🪄 Geofencing for Hyper-Targeted Marketing

PLUS: Why Do Customers REALLY Buy?

Hey,

The Spells Master is back!

Welcome to the 130th issue.

Today's topics:

  1. Geofencing for Hyper-Targeted Marketing

  2. A tool to Find Cheaper Alternatives Of Expensive Products

  3. One recommended video on Why Do Customers REALLY Buy?

Geofencing for Hyper-Targeted Marketing

According to Wikipedia, Geofencing is a virtual perimeter for a real-world geographic area.

A geofence can be dynamically generated (as in a radius around a point location) or match a predefined set of boundaries (such as school zones or neighborhood boundaries).

There is a difference between Geofencing and Geotargeting. Geotargeting targets a specific location. Your ads will show up in that particular area if the user is in that area. Once they are outside of that location, they won't see the ads. Geofencing is when you build an audience of whoever visits a particular area using their device id and then you can target them wherever they go. On top of that you can do IP Targeting so you can make device id to a particular IP and then you can target everyone who uses that IP. This is useful for targeting influencers who live together to create content like the Sway House.

A geofence is useful because it is a great way to target people on their real-life interests. The reason Facebook Ads work well is because they have mapped out everyone's interest on the digital world. And you can use Geofencing to do it in the physical world.

1. Local Gym Geofencing

A local gym gained 73 new memberships by Geofencing Competitive Gym Locations.

The objective was to increase the number of 6-month and 12-month gym memberships. The problem was the gym was in a competitive area.

So they came up with a solution by using Device ID and conquest targeting. Conquest targeting means to post an advertisement of your own product next to your competitor's product.

The result was the gym gained 73 new membership during the 6-month of that campaign. They spent $5,400 and got back $38,500 in revenue, a 7x ROI.

2. Walmart Geofencing

For customer convenience, Walmart created a "Map Your Deals" button at the bottom of its app.

On clicking the button, customers can view the high-demand product locations, which are marked via color-coded maps.

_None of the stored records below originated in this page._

(* Let $n,m\ge1$ be integers (not necessarily distinct). Then for the Ramsey number $\mathcal{R}_{\mathcal{II}}$ with respect to the class $\mathcal{II}$ of inclusion ideal graphs, \[ \mathcal{R}_{\mathcal{II}}(n,m)=\mathcal{R}_{\mathcal{PO}}(n,m)=(n-1)(m-1)+1 . \]
   Context: For a ring $R$ (with $1\ne0$, not necessarily commutative), a left ideal $I$ is non-trivial if $I\ne\{0\}$ and $I\ne R$. The inclusion ideal graph $\mathrm{In}(R)$ is the simple undirected graph whose vertices are the non-trivial left ideals of $R$, distinct $I,J$ adjacent iff $I\subset J$ or $J\subset I$; $\mathcal{II}$ is the class of all inclusion ideal graphs. $\mathcal{PO}$ is the class of partial order graphs $G_A$ of posets $(A,\le)$ (vertex set $A$, distinct $a,b$ adjacent iff $a\le b$ or $b\le a$). For a class $\mathcal{C}$ of graphs, $\mathcal{R}_{\mathcal{C}}(n,m)$ is the minimal $r$ such that every induced subgraph with $r$ vertices of any graph in $\mathcal{C}$ contains either $K_n$ or an independent set of $m$ vertices. *)

theory Defs
  imports "HOL-Algebra.Ring" "HOL-Algebra.AbelCoset"
begin

definition is_clique :: "('v \<Rightarrow> 'v \<Rightarrow> bool) \<Rightarrow> 'v set \<Rightarrow> bool" where
  "is_clique adj K \<longleftrightarrow> (\<forall>x\<in>K. \<forall>y\<in>K. x \<noteq> y \<longrightarrow> adj x y)"

definition is_indep :: "('v \<Rightarrow> 'v \<Rightarrow> bool) \<Rightarrow> 'v set \<Rightarrow> bool" where
  "is_indep adj I \<longleftrightarrow> (\<forall>x\<in>I. \<forall>y\<in>I. x \<noteq> y \<longrightarrow> \<not> adj x y)"

definition ramsey_prop :: "'v set \<Rightarrow> ('v \<Rightarrow> 'v \<Rightarrow> bool) \<Rightarrow> nat \<Rightarrow> nat \<Rightarrow> nat \<Rightarrow> bool" where
  "ramsey_prop V adj n m r \<longleftrightarrow>
     (\<forall>S. S \<subseteq> V \<and> finite S \<and> card S = r \<longrightarrow>
        (\<exists>K\<subseteq>S. card K = n \<and> is_clique adj K) \<or> (\<exists>I\<subseteq>S. card I = m \<and> is_indep adj I))"

definition left_ideal :: "'a set \<Rightarrow> ('a, 'b) ring_scheme \<Rightarrow> bool" where
  "left_ideal I R \<longleftrightarrow> additive_subgroup I R \<and>
     (\<forall>a\<in>carrier R. \<forall>x\<in>I. a \<otimes>\<^bsub>R\<^esub> x \<in> I)"

definition nontriv_left_ideals :: "('a, 'b) ring_scheme \<Rightarrow> 'a set set" where
  "nontriv_left_ideals R = {I. left_ideal I R \<and> I \<noteq> {\<zero>\<^bsub>R\<^esub>} \<and> I \<noteq> carrier R}"

definition incl_adj :: "'a set \<Rightarrow> 'a set \<Rightarrow> bool" where
  "incl_adj I J \<longleftrightarrow> I \<subset> J \<or> J \<subset> I"

definition II_ramsey :: "('a, 'b) ring_scheme \<Rightarrow> nat \<Rightarrow> nat \<Rightarrow> nat \<Rightarrow> bool" where
  "II_ramsey R n m r = ramsey_prop (nontriv_left_ideals R) incl_adj n m r"

definition po_adj :: "'a rel \<Rightarrow> 'a \<Rightarrow> 'a \<Rightarrow> bool" where
  "po_adj Le a b \<longleftrightarrow> (a, b) \<in> Le \<or> (b, a) \<in> Le"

Using Geo-fencing technology, when customers are inside the store, the app will automatically display the "Map Your Deals" button on the main dashboard of its front page, so customers can access the maps easily.

Another thing Walmart did is use its Geofencing technology to get the order ready for the customers coming to pick up their orders who have ordered things from the official app.

3. Blue Collar Worker Geofencing

If you want to target blue collar workers and get them into better paying jobs as a white collar worker, then you can use Geofencing to do that.

You can Geofence a factory or a bus station where blue collar workers go and then serve them an ad "Looking for better pay? Join this coding bootcamp"

There are obvious use-cases for local businesses. For example, you can geofence a building where all the plumbers go and get them into your business. If you are sneaky, you can go after competitors' building.

4. Starbucks Geofencing

Starbucks uses geofencing in their mobile app for various purposes:

  1. Online ordering

  2. Payment processing

  3. Rewards program

  4. Notifications

It had a feature that suggested nearby locations for order placement. It was later modified as it was causing confusion for users.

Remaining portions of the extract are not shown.